**EXERCISE OBJECTIVE:**
For the data below, work out how many lines include the string "real" and report only the number.
+++
locale tanner_instance = decoding_params +
  fixes n :: nat and R :: "nat set" and nb :: "nat \<Rightarrow> nat list" and y :: "nat \<Rightarrow> bool"
  assumes expander: "bip_expander n R nb c d \<alpha> \<delta>" and codeword: "y \<in> tanner R nb C0"
begin

abbreviation nerr :: "(nat \<Rightarrow> bool) \<Rightarrow> nat" where "nerr x \<equiv> hdist_n n x y"

definition errs :: "(nat \<Rightarrow> bool) \<Rightarrow> nat set" where "errs x = {i. i < n \<and> x i \<noteq> y i}"

definition local_errs :: "(nat \<Rightarrow> bool) \<Rightarrow> nat \<Rightarrow> nat" where
  "local_errs x v = card (set (nb v) \<inter> errs x)"

definition dec :: "(nat \<Rightarrow> bool) \<Rightarrow> nat \<Rightarrow> bool list" where
  "dec x v = decode C0 (map x (nb v))"

definition dec_dist :: "(nat \<Rightarrow> bool) \<Rightarrow> nat \<Rightarrow> nat" where
  "dec_dist x v = hdist (dec x v) (map x (nb v))"

definition flip_weight :: "(nat \<Rightarrow> bool) \<Rightarrow> nat \<Rightarrow> real" where
  "flip_weight x v = (if 1 \<le> dec_dist x v \<and> real (dec_dist x v) < thr
     then (thr - real (dec_dist x v)) / (real c * thr) else 0)"

definition flip_target :: "(nat \<Rightarrow> bool) \<Rightarrow> nat \<Rightarrow> nat" where
  "flip_target x v = Min {nb v ! j | j. j < length (nb v) \<and> dec x v ! j \<noteq> map x (nb v) ! j}"

text \<open>The contribution of check \<open>v\<close> to the expected change of the number of errors.\<close>
definition error_change :: "(nat \<Rightarrow> bool) \<Rightarrow> nat \<Rightarrow> real" where
  "error_change x v = (if flip_target x v \<in> errs x then - flip_weight x v else flip_weight x v)"

lemma finite_R: "finite R"
  using expander by (simp add: bip_expander_def biregular_def)

lemma neighbours: "v \<in> R \<Longrightarrow> length (nb v) = d \<and> distinct (nb v) \<and> set (nb v) \<subseteq> {..<n}"
  using expander by (simp add: bip_expander_def biregular_def)

lemma left_degree: "i < n \<Longrightarrow> card {v\<in>R. i \<in> set (nb v)} = c"
  using expander by (simp add: bip_expander_def biregular_def)

lemma local_codeword: "v \<in> R \<Longrightarrow> map y (nb v) \<in> C0"
  using codeword by (simp add: tanner_def)

lemma finite_errs: "finite (errs x)"
  by (simp add: errs_def)

lemma nerr_eq_card: "nerr x = card (errs x)"
  by (simp add: hdist_n_def errs_def)

lemma R_empty_if_n_0: "n = 0 \<Longrightarrow> R = {}"
  using neighbours d_pos by fastforce

lemma flip_contrib_eq:
  "flip_contrib nb C0 c d0 x v i = (if i = flip_target x v then flip_weight x v else 0)"
  by (simp add: flip_contrib_def Let_def flip_weight_def flip_target_def dec_dist_def dec_def thr_def)

lemma flip_prob_eq:
  "flip_prob R nb C0 c d0 x i = (\<Sum>v\<in>R. if i = flip_target x v then flip_weight x v else 0)"
  by (simp add: flip_prob_def flip_contrib_eq)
+++
**RESULT OF THIS EXERCISE:**
4